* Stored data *
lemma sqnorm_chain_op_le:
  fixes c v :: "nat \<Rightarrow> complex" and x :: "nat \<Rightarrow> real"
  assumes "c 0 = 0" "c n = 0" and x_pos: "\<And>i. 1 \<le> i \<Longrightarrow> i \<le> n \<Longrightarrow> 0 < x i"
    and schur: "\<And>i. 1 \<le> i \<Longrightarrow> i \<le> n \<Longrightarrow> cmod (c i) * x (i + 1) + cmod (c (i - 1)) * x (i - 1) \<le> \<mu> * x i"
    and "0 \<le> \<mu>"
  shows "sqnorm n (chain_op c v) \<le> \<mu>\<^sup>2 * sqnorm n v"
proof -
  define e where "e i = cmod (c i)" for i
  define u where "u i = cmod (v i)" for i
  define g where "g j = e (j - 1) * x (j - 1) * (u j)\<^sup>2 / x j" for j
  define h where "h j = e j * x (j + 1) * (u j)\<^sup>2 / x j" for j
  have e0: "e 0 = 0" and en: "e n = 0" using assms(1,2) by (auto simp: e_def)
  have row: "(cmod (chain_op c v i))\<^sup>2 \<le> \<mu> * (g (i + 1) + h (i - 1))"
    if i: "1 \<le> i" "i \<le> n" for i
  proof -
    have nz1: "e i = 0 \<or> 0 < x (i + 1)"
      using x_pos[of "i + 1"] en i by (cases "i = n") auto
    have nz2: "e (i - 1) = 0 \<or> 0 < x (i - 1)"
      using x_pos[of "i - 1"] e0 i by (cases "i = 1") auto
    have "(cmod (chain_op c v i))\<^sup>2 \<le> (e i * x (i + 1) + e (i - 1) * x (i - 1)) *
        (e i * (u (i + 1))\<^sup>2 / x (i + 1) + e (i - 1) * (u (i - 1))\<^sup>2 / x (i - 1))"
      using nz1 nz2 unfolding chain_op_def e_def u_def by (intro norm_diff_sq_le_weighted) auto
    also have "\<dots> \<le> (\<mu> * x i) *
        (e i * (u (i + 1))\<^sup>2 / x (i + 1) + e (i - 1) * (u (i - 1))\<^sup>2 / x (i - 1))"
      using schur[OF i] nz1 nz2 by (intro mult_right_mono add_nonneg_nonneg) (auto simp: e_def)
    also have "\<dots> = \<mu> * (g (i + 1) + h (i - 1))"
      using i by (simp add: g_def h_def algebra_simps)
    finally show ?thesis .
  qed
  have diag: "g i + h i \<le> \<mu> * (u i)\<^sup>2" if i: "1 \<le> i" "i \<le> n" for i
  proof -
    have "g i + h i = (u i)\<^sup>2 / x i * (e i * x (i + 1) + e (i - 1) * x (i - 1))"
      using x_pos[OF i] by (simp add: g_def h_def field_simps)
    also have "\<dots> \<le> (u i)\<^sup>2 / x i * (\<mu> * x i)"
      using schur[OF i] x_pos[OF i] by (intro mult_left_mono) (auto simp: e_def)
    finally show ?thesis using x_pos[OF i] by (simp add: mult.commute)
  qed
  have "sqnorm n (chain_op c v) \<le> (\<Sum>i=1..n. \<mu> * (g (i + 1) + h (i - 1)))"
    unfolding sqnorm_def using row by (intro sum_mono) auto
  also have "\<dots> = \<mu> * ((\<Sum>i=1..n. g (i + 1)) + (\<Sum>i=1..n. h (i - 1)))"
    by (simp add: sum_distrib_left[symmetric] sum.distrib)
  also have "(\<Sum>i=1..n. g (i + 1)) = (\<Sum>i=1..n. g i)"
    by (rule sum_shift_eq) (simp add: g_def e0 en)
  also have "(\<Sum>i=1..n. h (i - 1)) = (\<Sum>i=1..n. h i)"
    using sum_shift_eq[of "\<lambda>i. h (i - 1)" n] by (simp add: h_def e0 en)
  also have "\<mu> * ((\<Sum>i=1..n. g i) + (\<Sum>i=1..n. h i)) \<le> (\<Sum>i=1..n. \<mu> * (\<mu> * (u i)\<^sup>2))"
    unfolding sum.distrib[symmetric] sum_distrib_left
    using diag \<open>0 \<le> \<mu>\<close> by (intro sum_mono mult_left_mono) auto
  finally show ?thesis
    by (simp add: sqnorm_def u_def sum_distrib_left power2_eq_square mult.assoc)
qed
...
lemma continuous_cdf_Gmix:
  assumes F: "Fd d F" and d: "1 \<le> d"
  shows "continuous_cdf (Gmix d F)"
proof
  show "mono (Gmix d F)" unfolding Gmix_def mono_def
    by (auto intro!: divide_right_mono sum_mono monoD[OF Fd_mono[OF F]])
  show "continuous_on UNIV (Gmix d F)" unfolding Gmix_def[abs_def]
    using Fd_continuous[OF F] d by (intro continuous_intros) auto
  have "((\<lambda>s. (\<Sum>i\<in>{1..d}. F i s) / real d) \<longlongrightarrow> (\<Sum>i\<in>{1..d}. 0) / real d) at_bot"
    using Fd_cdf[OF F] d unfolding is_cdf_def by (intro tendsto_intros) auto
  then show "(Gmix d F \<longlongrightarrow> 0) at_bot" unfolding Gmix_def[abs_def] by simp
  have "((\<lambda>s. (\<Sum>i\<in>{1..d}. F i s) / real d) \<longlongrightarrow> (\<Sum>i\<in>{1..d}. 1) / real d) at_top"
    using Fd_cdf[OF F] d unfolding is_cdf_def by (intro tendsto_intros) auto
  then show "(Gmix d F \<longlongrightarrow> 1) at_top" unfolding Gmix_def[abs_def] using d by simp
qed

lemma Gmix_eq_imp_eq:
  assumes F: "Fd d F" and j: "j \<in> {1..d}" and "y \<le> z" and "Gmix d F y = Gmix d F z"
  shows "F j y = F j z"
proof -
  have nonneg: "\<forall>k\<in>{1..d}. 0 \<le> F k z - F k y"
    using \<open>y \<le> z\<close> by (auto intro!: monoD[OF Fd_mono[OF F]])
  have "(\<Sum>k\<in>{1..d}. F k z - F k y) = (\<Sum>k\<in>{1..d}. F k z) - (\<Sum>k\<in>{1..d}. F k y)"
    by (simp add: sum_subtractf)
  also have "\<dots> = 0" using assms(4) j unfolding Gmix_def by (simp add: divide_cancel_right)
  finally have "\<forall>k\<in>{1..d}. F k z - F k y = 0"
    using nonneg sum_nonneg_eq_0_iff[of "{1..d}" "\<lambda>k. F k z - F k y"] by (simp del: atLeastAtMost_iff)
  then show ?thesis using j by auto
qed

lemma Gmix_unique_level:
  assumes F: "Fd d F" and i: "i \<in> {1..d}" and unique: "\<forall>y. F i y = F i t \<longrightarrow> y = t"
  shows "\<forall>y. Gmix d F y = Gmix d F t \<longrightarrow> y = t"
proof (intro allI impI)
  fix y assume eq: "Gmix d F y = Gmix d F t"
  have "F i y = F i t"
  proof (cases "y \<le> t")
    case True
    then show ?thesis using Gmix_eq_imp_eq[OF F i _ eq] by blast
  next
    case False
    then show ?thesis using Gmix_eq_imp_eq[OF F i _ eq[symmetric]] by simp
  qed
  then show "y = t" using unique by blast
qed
* * *
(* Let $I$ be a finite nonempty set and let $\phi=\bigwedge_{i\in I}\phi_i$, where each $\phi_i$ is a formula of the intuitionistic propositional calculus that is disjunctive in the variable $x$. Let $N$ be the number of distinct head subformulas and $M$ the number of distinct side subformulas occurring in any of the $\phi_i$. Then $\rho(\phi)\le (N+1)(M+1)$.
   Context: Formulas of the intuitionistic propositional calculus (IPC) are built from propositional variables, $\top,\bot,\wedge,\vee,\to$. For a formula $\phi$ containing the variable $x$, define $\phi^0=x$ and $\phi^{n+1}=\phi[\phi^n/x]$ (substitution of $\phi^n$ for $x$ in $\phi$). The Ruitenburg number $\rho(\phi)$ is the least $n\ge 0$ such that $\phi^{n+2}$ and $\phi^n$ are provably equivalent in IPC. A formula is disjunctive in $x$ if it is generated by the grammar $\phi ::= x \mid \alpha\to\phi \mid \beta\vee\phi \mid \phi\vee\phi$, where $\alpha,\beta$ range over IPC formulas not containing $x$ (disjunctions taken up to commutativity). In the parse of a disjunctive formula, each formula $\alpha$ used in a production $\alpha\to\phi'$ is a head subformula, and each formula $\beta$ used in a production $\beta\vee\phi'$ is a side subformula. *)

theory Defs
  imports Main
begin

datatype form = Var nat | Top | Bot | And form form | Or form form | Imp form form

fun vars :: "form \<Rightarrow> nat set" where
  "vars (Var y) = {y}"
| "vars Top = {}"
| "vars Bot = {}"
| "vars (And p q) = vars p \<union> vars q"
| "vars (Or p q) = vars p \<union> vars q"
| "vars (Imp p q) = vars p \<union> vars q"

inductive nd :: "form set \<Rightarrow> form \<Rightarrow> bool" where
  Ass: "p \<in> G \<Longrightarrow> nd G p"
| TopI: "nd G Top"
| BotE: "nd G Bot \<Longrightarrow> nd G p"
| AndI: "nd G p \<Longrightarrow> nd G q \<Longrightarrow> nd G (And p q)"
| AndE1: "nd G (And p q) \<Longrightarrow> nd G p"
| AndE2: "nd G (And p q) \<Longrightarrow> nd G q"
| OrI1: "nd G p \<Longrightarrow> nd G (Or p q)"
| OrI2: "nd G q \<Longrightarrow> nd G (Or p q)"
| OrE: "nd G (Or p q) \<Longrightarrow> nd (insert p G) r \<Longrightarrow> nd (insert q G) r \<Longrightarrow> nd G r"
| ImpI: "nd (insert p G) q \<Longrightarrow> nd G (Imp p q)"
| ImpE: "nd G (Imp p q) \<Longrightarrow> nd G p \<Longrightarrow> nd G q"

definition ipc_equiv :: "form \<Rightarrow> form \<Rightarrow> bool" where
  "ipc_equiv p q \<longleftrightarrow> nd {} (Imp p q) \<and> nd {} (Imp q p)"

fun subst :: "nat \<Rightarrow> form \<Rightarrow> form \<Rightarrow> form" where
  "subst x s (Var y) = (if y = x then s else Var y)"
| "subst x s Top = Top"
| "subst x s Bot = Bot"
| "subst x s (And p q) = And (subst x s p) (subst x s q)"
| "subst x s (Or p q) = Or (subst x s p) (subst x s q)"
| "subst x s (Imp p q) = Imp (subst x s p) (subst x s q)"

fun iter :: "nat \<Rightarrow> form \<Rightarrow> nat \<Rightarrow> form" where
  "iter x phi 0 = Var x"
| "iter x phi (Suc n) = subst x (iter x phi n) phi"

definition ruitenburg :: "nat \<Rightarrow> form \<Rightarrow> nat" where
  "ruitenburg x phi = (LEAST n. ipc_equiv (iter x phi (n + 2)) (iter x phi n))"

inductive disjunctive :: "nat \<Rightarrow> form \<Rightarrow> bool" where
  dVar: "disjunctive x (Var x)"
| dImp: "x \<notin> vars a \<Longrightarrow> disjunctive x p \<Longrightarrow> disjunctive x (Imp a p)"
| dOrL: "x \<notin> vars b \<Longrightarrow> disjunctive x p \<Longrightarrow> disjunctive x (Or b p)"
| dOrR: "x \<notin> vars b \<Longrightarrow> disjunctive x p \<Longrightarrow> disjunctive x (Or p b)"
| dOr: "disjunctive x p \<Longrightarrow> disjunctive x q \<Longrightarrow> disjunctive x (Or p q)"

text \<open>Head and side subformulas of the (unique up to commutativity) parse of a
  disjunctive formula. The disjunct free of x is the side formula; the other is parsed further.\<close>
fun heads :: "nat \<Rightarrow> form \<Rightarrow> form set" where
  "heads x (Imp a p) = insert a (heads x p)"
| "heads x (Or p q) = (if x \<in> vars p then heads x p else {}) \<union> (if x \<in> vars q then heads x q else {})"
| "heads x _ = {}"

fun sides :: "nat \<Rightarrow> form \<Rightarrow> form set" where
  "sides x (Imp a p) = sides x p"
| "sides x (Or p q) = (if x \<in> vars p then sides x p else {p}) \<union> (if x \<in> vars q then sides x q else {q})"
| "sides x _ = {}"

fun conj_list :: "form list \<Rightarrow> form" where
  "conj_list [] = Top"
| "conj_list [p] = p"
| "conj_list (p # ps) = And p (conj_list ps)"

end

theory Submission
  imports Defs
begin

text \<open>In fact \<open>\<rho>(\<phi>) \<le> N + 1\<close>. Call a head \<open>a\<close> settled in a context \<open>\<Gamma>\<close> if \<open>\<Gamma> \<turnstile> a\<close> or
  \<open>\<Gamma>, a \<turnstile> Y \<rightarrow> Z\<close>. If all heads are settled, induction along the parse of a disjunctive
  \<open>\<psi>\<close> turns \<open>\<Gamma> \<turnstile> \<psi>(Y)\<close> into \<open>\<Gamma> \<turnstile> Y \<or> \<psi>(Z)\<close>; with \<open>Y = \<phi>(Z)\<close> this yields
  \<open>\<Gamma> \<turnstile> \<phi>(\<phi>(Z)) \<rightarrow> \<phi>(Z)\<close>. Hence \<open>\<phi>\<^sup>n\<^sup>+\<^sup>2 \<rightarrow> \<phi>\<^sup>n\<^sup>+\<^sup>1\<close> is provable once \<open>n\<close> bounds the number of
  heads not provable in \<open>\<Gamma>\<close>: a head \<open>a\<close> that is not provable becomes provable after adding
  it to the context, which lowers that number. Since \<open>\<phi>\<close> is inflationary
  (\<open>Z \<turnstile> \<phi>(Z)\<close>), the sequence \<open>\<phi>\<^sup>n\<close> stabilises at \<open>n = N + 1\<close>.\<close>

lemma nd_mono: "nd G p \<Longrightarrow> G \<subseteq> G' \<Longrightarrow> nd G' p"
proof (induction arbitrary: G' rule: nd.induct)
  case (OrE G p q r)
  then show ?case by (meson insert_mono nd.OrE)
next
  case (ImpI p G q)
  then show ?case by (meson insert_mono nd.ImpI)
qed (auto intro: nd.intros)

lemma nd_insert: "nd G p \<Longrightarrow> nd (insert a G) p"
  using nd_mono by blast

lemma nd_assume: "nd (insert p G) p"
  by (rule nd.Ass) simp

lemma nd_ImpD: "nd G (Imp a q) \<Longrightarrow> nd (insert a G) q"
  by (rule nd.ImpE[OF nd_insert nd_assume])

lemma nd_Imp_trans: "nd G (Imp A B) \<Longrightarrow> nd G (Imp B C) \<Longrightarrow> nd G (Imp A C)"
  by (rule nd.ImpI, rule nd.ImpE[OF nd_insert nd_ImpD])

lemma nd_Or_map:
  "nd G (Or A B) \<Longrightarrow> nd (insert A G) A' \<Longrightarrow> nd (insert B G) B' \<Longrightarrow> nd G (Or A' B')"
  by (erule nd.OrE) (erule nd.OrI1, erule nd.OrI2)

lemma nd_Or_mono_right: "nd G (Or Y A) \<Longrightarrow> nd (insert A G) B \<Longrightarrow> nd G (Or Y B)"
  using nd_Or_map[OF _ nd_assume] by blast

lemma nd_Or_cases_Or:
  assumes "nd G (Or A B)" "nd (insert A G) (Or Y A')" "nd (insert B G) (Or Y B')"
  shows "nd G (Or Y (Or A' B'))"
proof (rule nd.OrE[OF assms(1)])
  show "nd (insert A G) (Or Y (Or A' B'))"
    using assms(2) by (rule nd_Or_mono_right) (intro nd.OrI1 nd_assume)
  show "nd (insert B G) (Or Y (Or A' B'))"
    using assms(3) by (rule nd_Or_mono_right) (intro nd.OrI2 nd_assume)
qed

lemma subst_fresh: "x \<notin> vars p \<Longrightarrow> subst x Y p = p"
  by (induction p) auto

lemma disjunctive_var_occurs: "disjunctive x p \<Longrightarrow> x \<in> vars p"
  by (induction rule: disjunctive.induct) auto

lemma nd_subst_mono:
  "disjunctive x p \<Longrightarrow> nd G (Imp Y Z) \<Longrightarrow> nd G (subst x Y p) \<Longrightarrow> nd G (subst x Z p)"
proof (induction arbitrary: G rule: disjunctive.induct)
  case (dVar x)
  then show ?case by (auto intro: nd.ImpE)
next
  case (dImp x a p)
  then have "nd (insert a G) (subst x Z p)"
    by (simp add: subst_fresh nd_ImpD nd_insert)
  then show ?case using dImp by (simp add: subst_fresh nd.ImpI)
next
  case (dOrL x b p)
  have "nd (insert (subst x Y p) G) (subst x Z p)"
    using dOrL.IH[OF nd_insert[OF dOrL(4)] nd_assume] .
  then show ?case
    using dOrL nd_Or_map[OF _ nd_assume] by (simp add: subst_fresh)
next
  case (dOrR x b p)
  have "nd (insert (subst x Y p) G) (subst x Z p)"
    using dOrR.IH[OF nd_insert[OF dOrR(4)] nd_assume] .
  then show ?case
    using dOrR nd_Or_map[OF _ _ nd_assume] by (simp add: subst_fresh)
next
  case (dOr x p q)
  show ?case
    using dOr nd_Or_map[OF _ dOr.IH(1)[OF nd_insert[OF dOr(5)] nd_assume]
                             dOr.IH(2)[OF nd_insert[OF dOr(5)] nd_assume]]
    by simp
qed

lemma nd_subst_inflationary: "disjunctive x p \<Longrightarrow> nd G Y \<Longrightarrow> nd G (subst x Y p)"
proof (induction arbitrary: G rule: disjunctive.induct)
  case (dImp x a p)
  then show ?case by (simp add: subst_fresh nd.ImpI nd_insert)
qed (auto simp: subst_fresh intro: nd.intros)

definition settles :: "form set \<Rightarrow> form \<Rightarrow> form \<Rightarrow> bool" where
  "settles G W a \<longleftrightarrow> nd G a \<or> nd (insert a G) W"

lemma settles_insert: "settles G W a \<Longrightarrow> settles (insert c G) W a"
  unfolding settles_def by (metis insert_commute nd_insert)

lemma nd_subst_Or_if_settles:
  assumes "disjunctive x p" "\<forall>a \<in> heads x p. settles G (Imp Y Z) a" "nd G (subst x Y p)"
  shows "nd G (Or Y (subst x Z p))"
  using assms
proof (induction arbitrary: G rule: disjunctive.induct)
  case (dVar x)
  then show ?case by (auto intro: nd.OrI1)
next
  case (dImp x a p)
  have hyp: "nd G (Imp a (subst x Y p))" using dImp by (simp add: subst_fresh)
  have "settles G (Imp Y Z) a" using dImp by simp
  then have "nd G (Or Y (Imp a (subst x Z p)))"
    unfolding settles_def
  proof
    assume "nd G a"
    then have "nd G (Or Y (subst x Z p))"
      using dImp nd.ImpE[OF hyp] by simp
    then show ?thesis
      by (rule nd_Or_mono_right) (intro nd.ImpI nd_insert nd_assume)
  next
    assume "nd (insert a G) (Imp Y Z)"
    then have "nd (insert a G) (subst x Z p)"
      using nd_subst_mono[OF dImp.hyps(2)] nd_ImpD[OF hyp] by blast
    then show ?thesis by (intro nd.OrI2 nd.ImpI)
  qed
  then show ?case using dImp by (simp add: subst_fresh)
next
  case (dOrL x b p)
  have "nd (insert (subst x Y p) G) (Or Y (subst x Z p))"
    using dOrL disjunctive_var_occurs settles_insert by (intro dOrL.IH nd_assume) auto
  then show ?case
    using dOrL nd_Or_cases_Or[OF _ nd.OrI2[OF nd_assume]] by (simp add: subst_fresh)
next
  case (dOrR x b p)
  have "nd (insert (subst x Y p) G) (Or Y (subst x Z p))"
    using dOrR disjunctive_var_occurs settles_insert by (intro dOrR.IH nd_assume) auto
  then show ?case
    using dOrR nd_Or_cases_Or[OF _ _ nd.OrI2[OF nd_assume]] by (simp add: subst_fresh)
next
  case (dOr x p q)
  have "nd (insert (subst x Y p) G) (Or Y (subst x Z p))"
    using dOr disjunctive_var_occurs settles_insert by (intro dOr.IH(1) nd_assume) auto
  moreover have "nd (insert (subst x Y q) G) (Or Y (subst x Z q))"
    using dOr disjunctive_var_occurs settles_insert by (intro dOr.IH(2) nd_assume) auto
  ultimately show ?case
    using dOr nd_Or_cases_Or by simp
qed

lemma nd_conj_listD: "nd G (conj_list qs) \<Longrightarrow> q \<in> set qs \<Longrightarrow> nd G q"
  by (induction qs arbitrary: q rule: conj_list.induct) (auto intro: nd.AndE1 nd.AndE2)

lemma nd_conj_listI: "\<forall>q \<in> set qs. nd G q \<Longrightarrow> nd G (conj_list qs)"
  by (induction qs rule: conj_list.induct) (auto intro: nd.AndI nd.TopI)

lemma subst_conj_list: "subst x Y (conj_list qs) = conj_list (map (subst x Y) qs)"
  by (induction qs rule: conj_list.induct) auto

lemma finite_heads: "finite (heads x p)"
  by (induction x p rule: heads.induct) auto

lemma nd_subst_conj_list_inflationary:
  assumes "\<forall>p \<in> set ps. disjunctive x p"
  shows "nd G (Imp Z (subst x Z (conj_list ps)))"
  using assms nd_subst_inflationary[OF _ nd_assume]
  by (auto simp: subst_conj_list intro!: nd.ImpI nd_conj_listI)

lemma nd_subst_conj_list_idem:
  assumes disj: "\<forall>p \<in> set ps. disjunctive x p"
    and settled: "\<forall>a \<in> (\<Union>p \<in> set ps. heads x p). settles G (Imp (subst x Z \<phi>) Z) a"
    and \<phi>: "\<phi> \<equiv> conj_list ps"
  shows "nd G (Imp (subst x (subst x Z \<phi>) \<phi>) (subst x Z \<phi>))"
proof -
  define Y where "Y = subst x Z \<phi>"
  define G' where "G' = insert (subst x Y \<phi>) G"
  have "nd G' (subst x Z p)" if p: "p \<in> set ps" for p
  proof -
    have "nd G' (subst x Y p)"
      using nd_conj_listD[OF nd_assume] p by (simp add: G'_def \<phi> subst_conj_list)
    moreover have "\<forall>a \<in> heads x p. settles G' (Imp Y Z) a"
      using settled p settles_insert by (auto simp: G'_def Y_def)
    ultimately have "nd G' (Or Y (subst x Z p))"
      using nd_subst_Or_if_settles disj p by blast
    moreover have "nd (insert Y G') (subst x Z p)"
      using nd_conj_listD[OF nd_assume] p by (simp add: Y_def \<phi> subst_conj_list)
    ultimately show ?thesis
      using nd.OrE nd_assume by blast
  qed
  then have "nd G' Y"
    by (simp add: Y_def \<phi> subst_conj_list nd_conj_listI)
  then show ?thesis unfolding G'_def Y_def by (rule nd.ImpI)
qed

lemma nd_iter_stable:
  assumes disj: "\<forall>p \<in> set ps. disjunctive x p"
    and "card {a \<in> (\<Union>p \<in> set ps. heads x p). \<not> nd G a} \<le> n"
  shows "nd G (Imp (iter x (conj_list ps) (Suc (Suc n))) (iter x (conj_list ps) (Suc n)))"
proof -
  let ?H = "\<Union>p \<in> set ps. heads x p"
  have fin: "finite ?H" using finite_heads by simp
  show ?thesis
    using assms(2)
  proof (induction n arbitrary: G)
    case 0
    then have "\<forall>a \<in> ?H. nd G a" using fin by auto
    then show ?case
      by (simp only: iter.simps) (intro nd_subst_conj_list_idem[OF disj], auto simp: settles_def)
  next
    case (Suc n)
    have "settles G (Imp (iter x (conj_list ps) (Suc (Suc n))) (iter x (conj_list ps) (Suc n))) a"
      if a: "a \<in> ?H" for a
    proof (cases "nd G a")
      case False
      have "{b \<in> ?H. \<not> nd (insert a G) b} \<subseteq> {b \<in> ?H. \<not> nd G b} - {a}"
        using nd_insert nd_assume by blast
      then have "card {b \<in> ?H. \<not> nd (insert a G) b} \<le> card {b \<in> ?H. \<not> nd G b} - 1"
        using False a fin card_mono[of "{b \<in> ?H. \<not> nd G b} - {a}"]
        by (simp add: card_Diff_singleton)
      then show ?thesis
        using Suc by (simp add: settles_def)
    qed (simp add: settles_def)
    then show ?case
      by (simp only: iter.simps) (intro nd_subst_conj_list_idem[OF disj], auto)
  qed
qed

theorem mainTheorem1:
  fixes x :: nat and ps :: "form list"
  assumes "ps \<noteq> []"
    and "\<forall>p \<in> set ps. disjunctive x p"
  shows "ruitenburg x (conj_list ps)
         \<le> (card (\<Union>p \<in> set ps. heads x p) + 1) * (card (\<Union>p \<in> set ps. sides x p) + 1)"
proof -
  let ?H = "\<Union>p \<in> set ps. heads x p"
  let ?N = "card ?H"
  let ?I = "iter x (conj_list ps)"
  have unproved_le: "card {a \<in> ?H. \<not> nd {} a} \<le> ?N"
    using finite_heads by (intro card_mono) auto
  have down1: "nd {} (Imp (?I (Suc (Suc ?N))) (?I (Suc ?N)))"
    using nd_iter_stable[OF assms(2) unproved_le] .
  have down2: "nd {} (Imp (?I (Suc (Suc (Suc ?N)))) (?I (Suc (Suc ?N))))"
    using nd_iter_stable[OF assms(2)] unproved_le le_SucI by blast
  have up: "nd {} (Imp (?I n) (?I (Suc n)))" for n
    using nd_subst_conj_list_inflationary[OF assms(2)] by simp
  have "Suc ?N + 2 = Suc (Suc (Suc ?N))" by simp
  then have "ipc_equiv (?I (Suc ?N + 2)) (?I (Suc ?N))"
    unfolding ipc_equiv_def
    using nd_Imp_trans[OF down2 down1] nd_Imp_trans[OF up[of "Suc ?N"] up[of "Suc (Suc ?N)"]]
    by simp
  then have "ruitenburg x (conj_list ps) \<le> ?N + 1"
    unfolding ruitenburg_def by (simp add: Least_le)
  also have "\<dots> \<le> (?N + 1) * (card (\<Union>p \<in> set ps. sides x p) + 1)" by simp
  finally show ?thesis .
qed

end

* Your assignment *
The expected result is a copy of each line in the records where "real" appears.

* Exercise answer *
  fixes c v :: "nat \<Rightarrow> complex" and x :: "nat \<Rightarrow> real"
  have "((\<lambda>s. (\<Sum>i\<in>{1..d}. F i s) / real d) \<longlongrightarrow> (\<Sum>i\<in>{1..d}. 0) / real d) at_bot"
  have "((\<lambda>s. (\<Sum>i\<in>{1..d}. F i s) / real d) \<longlongrightarrow> (\<Sum>i\<in>{1..d}. 1) / real d) at_top"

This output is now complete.